- Your objective: Look through the data and write out every line with the word "rule" in it.

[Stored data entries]
(* Let $n\geq 3$ and let $G$ be a connected graph with $|V(G)|<n$. Then $\mathrm{ldim}_f(G\square K_n)=\frac{n}{2}$.
   Context: All graphs are finite, simple and connected; $d$ is the shortest-path distance; $K_n$ is the complete graph on $n$ vertices. For an edge $uv$ of a graph $X$, $L_X(uv)=\{x\in V(X): d_X(u,x)\neq d_X(v,x)\}$. A function $f:V(X)\to[0,1]$ is a local resolving function of $X$ if $\sum_{x\in L_X(uv)}f(x)\geq 1$ for every edge $uv$; $\mathrm{ldim}_f(X)$ is the minimum of $\sum_{v}f(v)$ over all local resolving functions. The Cartesian product $G\square H$ has vertex set $V(G)\times V(H)$, with $(u_1,v_1)$ adjacent to $(u_2,v_2)$ iff ($u_1u_2\in E(G)$ and $v_1=v_2$) or ($u_1=u_2$ and $v_1v_2\in E(H)$). *)

theory Defs
  imports Main "HOL-Library.Product_Plus" Complex_Main
begin

type_synonym 'a graph = "'a set \<times> ('a \<Rightarrow> 'a \<Rightarrow> bool)"

definition verts :: "'a graph \<Rightarrow> 'a set" where "verts X = fst X"
definition adj :: "'a graph \<Rightarrow> 'a \<Rightarrow> 'a \<Rightarrow> bool" where
  "adj X u v = (u \<in> verts X \<and> v \<in> verts X \<and> snd X u v)"

definition simple_graph :: "'a graph \<Rightarrow> bool" where
  "simple_graph X \<longleftrightarrow> finite (verts X) \<and> verts X \<noteq> {} \<and>
     (\<forall>u v. snd X u v \<longrightarrow> u \<in> verts X \<and> v \<in> verts X) \<and>
     (\<forall>u v. snd X u v \<longrightarrow> snd X v u) \<and> (\<forall>u. \<not> snd X u u)"

definition connected_graph :: "'a graph \<Rightarrow> bool" where
  "connected_graph X \<longleftrightarrow> simple_graph X \<and>
     (\<forall>u\<in>verts X. \<forall>v\<in>verts X. (adj X)\<^sup>*\<^sup>* u v)"

definition gdist :: "'a graph \<Rightarrow> 'a \<Rightarrow> 'a \<Rightarrow> nat" where
  "gdist X u v = (LEAST k. (adj X ^^ k) u v)"

definition complete_graph :: "nat \<Rightarrow> nat graph" where
  "complete_graph n = ({0..<n}, \<lambda>x y. x \<in> {0..<n} \<and> y \<in> {0..<n} \<and> x \<noteq> y)"

definition cart_prod :: "'a graph \<Rightarrow> 'b graph \<Rightarrow> ('a \<times> 'b) graph" where
  "cart_prod G H = (verts G \<times> verts H,
     \<lambda>(u1, v1) (u2, v2). (adj G u1 u2 \<and> v1 = v2 \<and> v1 \<in> verts H) \<or>
                         (u1 = u2 \<and> u1 \<in> verts G \<and> adj H v1 v2))"

definition resolving_set_edge :: "'a graph \<Rightarrow> 'a \<Rightarrow> 'a \<Rightarrow> 'a set" where
  "resolving_set_edge X u v = {x \<in> verts X. gdist X u x \<noteq> gdist X v x}"

definition local_resolving_function :: "'a graph \<Rightarrow> ('a \<Rightarrow> real) \<Rightarrow> bool" where
  "local_resolving_function X f \<longleftrightarrow>
     (\<forall>x\<in>verts X. 0 \<le> f x \<and> f x \<le> 1) \<and>
     (\<forall>u v. adj X u v \<longrightarrow> (\<Sum>x\<in>resolving_set_edge X u v. f x) \<ge> 1)"

definition ldim_f :: "'a graph \<Rightarrow> real" where
  "ldim_f X = Inf {(\<Sum>v\<in>verts X. f v) | f. local_resolving_function X f}"

end

theory Submission
  imports Defs
begin

text \<open>Distances in \<open>G \<box> K\<^sub>n\<close> split as \<open>d((g,i),(h,k)) = d\<^sub>G(g,h) + [i \<noteq> k]\<close>.
  Hence the edge \<open>(g,i)(g,j)\<close> inside a \<open>K\<^sub>n\<close>-fibre is resolved exactly by the two layers
  \<open>V(G) \<times> {i,j}\<close>, while an edge \<open>(g,i)(h,i)\<close> of a \<open>G\<close>-layer is resolved by the two whole fibres
  over \<open>g\<close> and \<open>h\<close>. Writing \<open>c\<^sub>k\<close> for the weight of layer \<open>k\<close>, the fibre edges force
  \<open>c\<^sub>i + c\<^sub>j \<ge> 1\<close> for all \<open>i \<noteq> j\<close>, so the total weight is at least \<open>n/2\<close>. Conversely the constant
  weight \<open>1/(2|V(G)|)\<close> has total \<open>n/2\<close>; it satisfies the fibre edges with equality and the
  layer edges because their \<open>2n\<close> resolving vertices carry weight \<open>n/|V(G)| \<ge> 1\<close>.\<close>

lemma verts_complete_graph [simp]: "verts (complete_graph n) = {0..<n}"
  by (simp add: verts_def complete_graph_def)

lemma adj_complete_graph [simp]: "adj (complete_graph n) i j \<longleftrightarrow> i < n \<and> j < n \<and> i \<noteq> j"
  by (auto simp: adj_def verts_def complete_graph_def)

lemma verts_cart_prod [simp]: "verts (cart_prod G H) = verts G \<times> verts H"
  by (simp add: verts_def cart_prod_def)

lemma adj_cart_prod:
  "adj (cart_prod G H) (g, i) (h, k) \<longleftrightarrow>
     (adj G g h \<and> i = k \<and> i \<in> verts H) \<or> (g = h \<and> g \<in> verts G \<and> adj H i k)"
  by (auto simp: adj_def[of "cart_prod G H"] cart_prod_def verts_def adj_def)

lemma connected_graph_card_verts_pos: "connected_graph G \<Longrightarrow> card (verts G) > 0"
  by (auto simp: connected_graph_def simple_graph_def card_gt_0_iff)

lemma adj_irrefl: "simple_graph X \<Longrightarrow> adj X u v \<Longrightarrow> u \<noteq> v"
  by (auto simp: adj_def simple_graph_def)


lemma gdist_walk: "(adj X)\<^sup>*\<^sup>* u v \<Longrightarrow> (adj X ^^ gdist X u v) u v"
  unfolding gdist_def rtranclp_power by (rule LeastI_ex)

lemma gdist_le: "(adj X ^^ k) u v \<Longrightarrow> gdist X u v \<le> k"
  unfolding gdist_def by (rule Least_le)

lemma connected_graph_gdist_walk:
  "connected_graph G \<Longrightarrow> g \<in> verts G \<Longrightarrow> h \<in> verts G \<Longrightarrow> (adj G ^^ gdist G g h) g h"
  by (auto simp: connected_graph_def intro: gdist_walk)

lemma connected_graph_gdist_eq_0_iff:
  assumes "connected_graph G" "g \<in> verts G" "h \<in> verts G"
  shows "gdist G g h = 0 \<longleftrightarrow> g = h"
  using connected_graph_gdist_walk[OF assms] gdist_le[of 0 G g g] by auto

lemma relpowp_adj_cart_prod_layer:
  assumes "(adj G ^^ m) g h" "k \<in> verts H"
  shows "(adj (cart_prod G H) ^^ m) (g, k) (h, k)"
  using assms(1)
proof (induction m arbitrary: h)
  case (Suc m)
  then obtain y where y: "(adj G ^^ m) g y" "adj G y h" by (blast elim: relpowp_Suc_E)
  have "adj (cart_prod G H) (y, k) (h, k)" using y(2) assms(2) by (simp add: adj_cart_prod)
  with Suc.IH[OF y(1)] show ?case by (rule relpowp_Suc_I)
qed simp

lemma relpowp_adj_cart_prod_project:
  assumes "(adj (cart_prod G H) ^^ m) x y"
  shows "\<exists>m'. (adj G ^^ m') (fst x) (fst y) \<and> m' + (if snd x = snd y then 0 else 1) \<le> m"
  using assms
proof (induction m arbitrary: y)
  case 0
  then show ?case by (auto intro: exI[of _ 0])
next
  case (Suc m)
  then obtain z where z: "(adj (cart_prod G H) ^^ m) x z" "adj (cart_prod G H) z y"
    by (blast elim: relpowp_Suc_E)
  from Suc.IH[OF z(1)] obtain m' where m': "(adj G ^^ m') (fst x) (fst z)"
    "m' + (if snd x = snd z then 0 else 1) \<le> m" by blast
  obtain z1 z2 y1 y2 where zy: "z = (z1, z2)" "y = (y1, y2)" by fastforce
  from z(2) consider "adj G z1 y1" "z2 = y2" | "z1 = y1"
    unfolding zy adj_cart_prod by blast
  then show ?case
  proof cases
    case 1
    then have "(adj G ^^ Suc m') (fst x) (fst y)" using m'(1) zy by (auto intro: relpowp_Suc_I)
    with 1 m'(2) zy show ?thesis by (intro exI[of _ "Suc m'"]) auto
  next
    case 2
    with m' zy show ?thesis by (intro exI[of _ m']) auto
  qed
qed

lemma gdist_cart_prod_complete_graph:
  assumes G: "connected_graph G" and gh: "g \<in> verts G" "h \<in> verts G" and ik: "i < n" "k < n"
  shows "gdist (cart_prod G (complete_graph n)) (g, i) (h, k) = gdist G g h + (if i = k then 0 else 1)"
proof -
  let ?P = "cart_prod G (complete_graph n)"
  have layer_walk: "(adj ?P ^^ gdist G g h) (g, k) (h, k)"
    by (intro relpowp_adj_cart_prod_layer connected_graph_gdist_walk G gh) (simp add: ik)
  have walk: "(adj ?P ^^ (gdist G g h + (if i = k then 0 else 1))) (g, i) (h, k)"
  proof (cases "i = k")
    case False
    then have "adj ?P (g, i) (g, k)" using gh ik by (simp add: adj_cart_prod)
    from relpowp_Suc_I2[OF this layer_walk] False show ?thesis by simp
  qed (use layer_walk in simp)
  then obtain m' where "(adj G ^^ m') g h" "m' + (if i = k then 0 else 1) \<le> gdist ?P (g, i) (h, k)"
    using relpowp_adj_cart_prod_project[OF gdist_walk[OF relpowp_imp_rtranclp[OF walk]]] by auto
  with gdist_le[OF walk] gdist_le[of m' G g h] show ?thesis by linarith
qed


lemma resolving_set_edge_fibre:
  assumes G: "connected_graph G" and "g \<in> verts G" "i < n" "j < n" "i \<noteq> j"
  shows "resolving_set_edge (cart_prod G (complete_graph n)) (g, i) (g, j) = verts G \<times> {i, j}"
  using assms unfolding resolving_set_edge_def
  by (auto simp: gdist_cart_prod_complete_graph[OF G] split: if_splits)

lemma resolving_set_edge_layer:
  assumes G: "connected_graph G" and gh: "adj G g h" and "i < n"
  shows "{g, h} \<times> {0..<n} \<subseteq> resolving_set_edge (cart_prod G (complete_graph n)) (g, i) (h, i)"
proof -
  have "g \<in> verts G" "h \<in> verts G" "g \<noteq> h"
    using gh adj_irrefl[of G g h] G by (auto simp: adj_def connected_graph_def)
  then have "gdist G g g = 0" "gdist G h h = 0" "gdist G g h \<noteq> 0" "gdist G h g \<noteq> 0"
    using connected_graph_gdist_eq_0_iff[OF G] by auto
  with \<open>g \<in> verts G\<close> \<open>h \<in> verts G\<close> show ?thesis
    using assms unfolding resolving_set_edge_def
    by (auto simp: gdist_cart_prod_complete_graph[OF G])
qed


lemma card_div_2_le_sum_if_pairwise_ge_1:
  fixes c :: "'a \<Rightarrow> real"
  assumes A: "finite A" "card A \<ge> 2"
    and pair: "\<And>i j. i \<in> A \<Longrightarrow> j \<in> A \<Longrightarrow> i \<noteq> j \<Longrightarrow> 1 \<le> c i + c j"
  shows "real (card A) / 2 \<le> sum c A"
proof -
  let ?n = "real (card A)" and ?S = "sum c A"
  have row: "?n - 1 \<le> (?n - 2) * c i + ?S" if i: "i \<in> A" for i
  proof -
    have "real (card (A - {i})) \<le> (\<Sum>j\<in>A - {i}. c i + c j)"
      using sum_mono[of "A - {i}" "\<lambda>_. 1::real" "\<lambda>j. c i + c j"] pair i by auto
    also have "\<dots> = real (card (A - {i})) * c i + (?S - c i)"
      using i A by (simp add: sum.distrib sum_diff1)
    finally show ?thesis using i A by (simp add: of_nat_diff algebra_simps)
  qed
  have "(\<Sum>i\<in>A. ?n - 1) \<le> (\<Sum>i\<in>A. (?n - 2) * c i + ?S)"
    by (rule sum_mono) (rule row)
  then have "?n * (?n - 1) \<le> (?n - 2) * ?S + ?n * ?S"
    by (simp add: sum.distrib sum_distrib_left[symmetric])
  then have "?n * (?n - 1) \<le> 2 * (?n - 1) * ?S"
    by (simp add: algebra_simps)
  moreover have "?n - 1 > 0" using A by simp
  ultimately show ?thesis
    by (metis mult.commute mult.left_commute mult_le_cancel_left_pos divide_le_eq_numeral1(1))
qed

lemma local_resolving_function_sum_ge:
  assumes G: "connected_graph G" and n: "n \<ge> 2"
    and f: "local_resolving_function (cart_prod G (complete_graph n)) f"
  shows "real n / 2 \<le> (\<Sum>v\<in>verts (cart_prod G (complete_graph n)). f v)"
proof -
  let ?P = "cart_prod G (complete_graph n)" and ?V = "verts G"
  define c where "c k = (\<Sum>g\<in>?V. f (g, k))" for k
  have "?V \<noteq> {}" using G by (auto simp: connected_graph_def simple_graph_def)
  then obtain g0 where g0: "g0 \<in> ?V" by blast
  have sum_layers: "(\<Sum>x\<in>?V \<times> B. f x) = sum c B" for B
  proof -
    have "(\<Sum>x\<in>?V \<times> B. f x) = (\<Sum>g\<in>?V. \<Sum>k\<in>B. f (g, k))"
      by (simp add: sum.cartesian_product)
    then show ?thesis unfolding c_def by (simp add: sum.swap[of _ ?V])
  qed
  have "1 \<le> c i + c j" if "i \<in> {0..<n}" "j \<in> {0..<n}" "i \<noteq> j" for i j
  proof -
    have "adj ?P (g0, i) (g0, j)" using that g0 by (simp add: adj_cart_prod)
    with f have "1 \<le> (\<Sum>x\<in>resolving_set_edge ?P (g0, i) (g0, j). f x)"
      unfolding local_resolving_function_def by blast
    also have "\<dots> = c i + c j"
      using that resolving_set_edge_fibre[OF G g0, of i n j] sum_layers[of "{i, j}"] by simp
    finally show ?thesis .
  qed
  then have "real n / 2 \<le> sum c {0..<n}"
    using card_div_2_le_sum_if_pairwise_ge_1[of "{0..<n}" c] n by simp
  then show ?thesis using sum_layers[of "{0..<n}"] by simp
qed

lemma local_resolving_function_const:
  assumes G: "connected_graph G" and n: "card (verts G) \<le> n"
  shows "local_resolving_function (cart_prod G (complete_graph n)) (\<lambda>_. 1 / (2 * card (verts G)))"
proof -
  let ?P = "cart_prod G (complete_graph n)" and ?V = "verts G"
  define w :: real where "w = 1 / (2 * card ?V)"
  have cV: "card ?V > 0" using connected_graph_card_verts_pos[OF G] .
  have finR: "finite (resolving_set_edge ?P u v)" for u v
    by (rule finite_subset[of _ "?V \<times> {0..<n}"])
      (auto simp: resolving_set_edge_def card_gt_0_iff[THEN iffD1, OF cV])
  have "1 \<le> (\<Sum>x\<in>resolving_set_edge ?P u v. w)" if uv: "adj ?P u v" for u v
  proof -
    obtain g i h k where u: "u = (g, i)" and v: "v = (h, k)" by fastforce
    from uv consider "adj G g h" "i = k" "i < n" | "g = h" "g \<in> ?V" "i < n" "k < n" "i \<noteq> k"
      unfolding u v adj_cart_prod by auto
    then show ?thesis
    proof cases
      case 1
      have "card ({g, h} \<times> {0..<n}) = 2 * n"
        using adj_irrefl[OF _ \<open>adj G g h\<close>] G by (simp add: connected_graph_def card_cartesian_product)
      then have "2 * real n * w \<le> (\<Sum>x\<in>resolving_set_edge ?P u v. w)"
        using sum_mono2[OF finR resolving_set_edge_layer[OF G 1(1,3)], of "\<lambda>_. w"] cV 1 u v
        by (simp add: w_def)
      moreover have "1 \<le> 2 * real n * w" using n cV by (simp add: w_def field_simps)
      ultimately show ?thesis by linarith
    next
      case 2
      then show ?thesis
        using resolving_set_edge_fibre[OF G, of g i n k] u v cV
        by (simp add: card_cartesian_product w_def)
    qed
  qed
  moreover have "0 \<le> w" "w \<le> 1" using cV by (simp_all add: w_def)
  ultimately show ?thesis unfolding local_resolving_function_def w_def by simp
qed

lemma ldim_f_eqI:
  assumes "local_resolving_function X f" "(\<Sum>v\<in>verts X. f v) = r"
    and "\<And>f. local_resolving_function X f \<Longrightarrow> r \<le> (\<Sum>v\<in>verts X. f v)"
  shows "ldim_f X = r"
  unfolding ldim_f_def using assms by (intro cInf_eq_minimum) auto

theorem theorem3p13:
  fixes G :: "'a graph" and n :: nat
  assumes "n \<ge> 3" and "connected_graph G" and "card (verts G) < n"
  shows "ldim_f (cart_prod G (complete_graph n)) = real n / 2"
proof (rule ldim_f_eqI)
  let ?V = "verts G"
  show "local_resolving_function (cart_prod G (complete_graph n)) (\<lambda>_. 1 / (2 * card ?V))"
    using local_resolving_function_const[OF assms(2)] assms(3) by simp
  from connected_graph_card_verts_pos[OF assms(2)] show "(\<Sum>v\<in>verts (cart_prod G (complete_graph n)). 1 / (2 * card ?V)) = real n / 2"
    by (simp add: card_cartesian_product)
  show "real n / 2 \<le> (\<Sum>v\<in>verts (cart_prod G (complete_graph n)). f v)"
    if "local_resolving_function (cart_prod G (complete_graph n)) f" for f
    using local_resolving_function_sum_ge[OF assms(2) _ that] assms(1) by simp
qed

end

- Output below:
  unfolding gdist_def rtranclp_power by (rule LeastI_ex)
  unfolding gdist_def by (rule Least_le)
  with Suc.IH[OF y(1)] show ?case by (rule relpowp_Suc_I)
    by (rule sum_mono) (rule row)
    by (rule finite_subset[of _ "?V \<times> {0..<n}"])
proof (rule ldim_f_eqI)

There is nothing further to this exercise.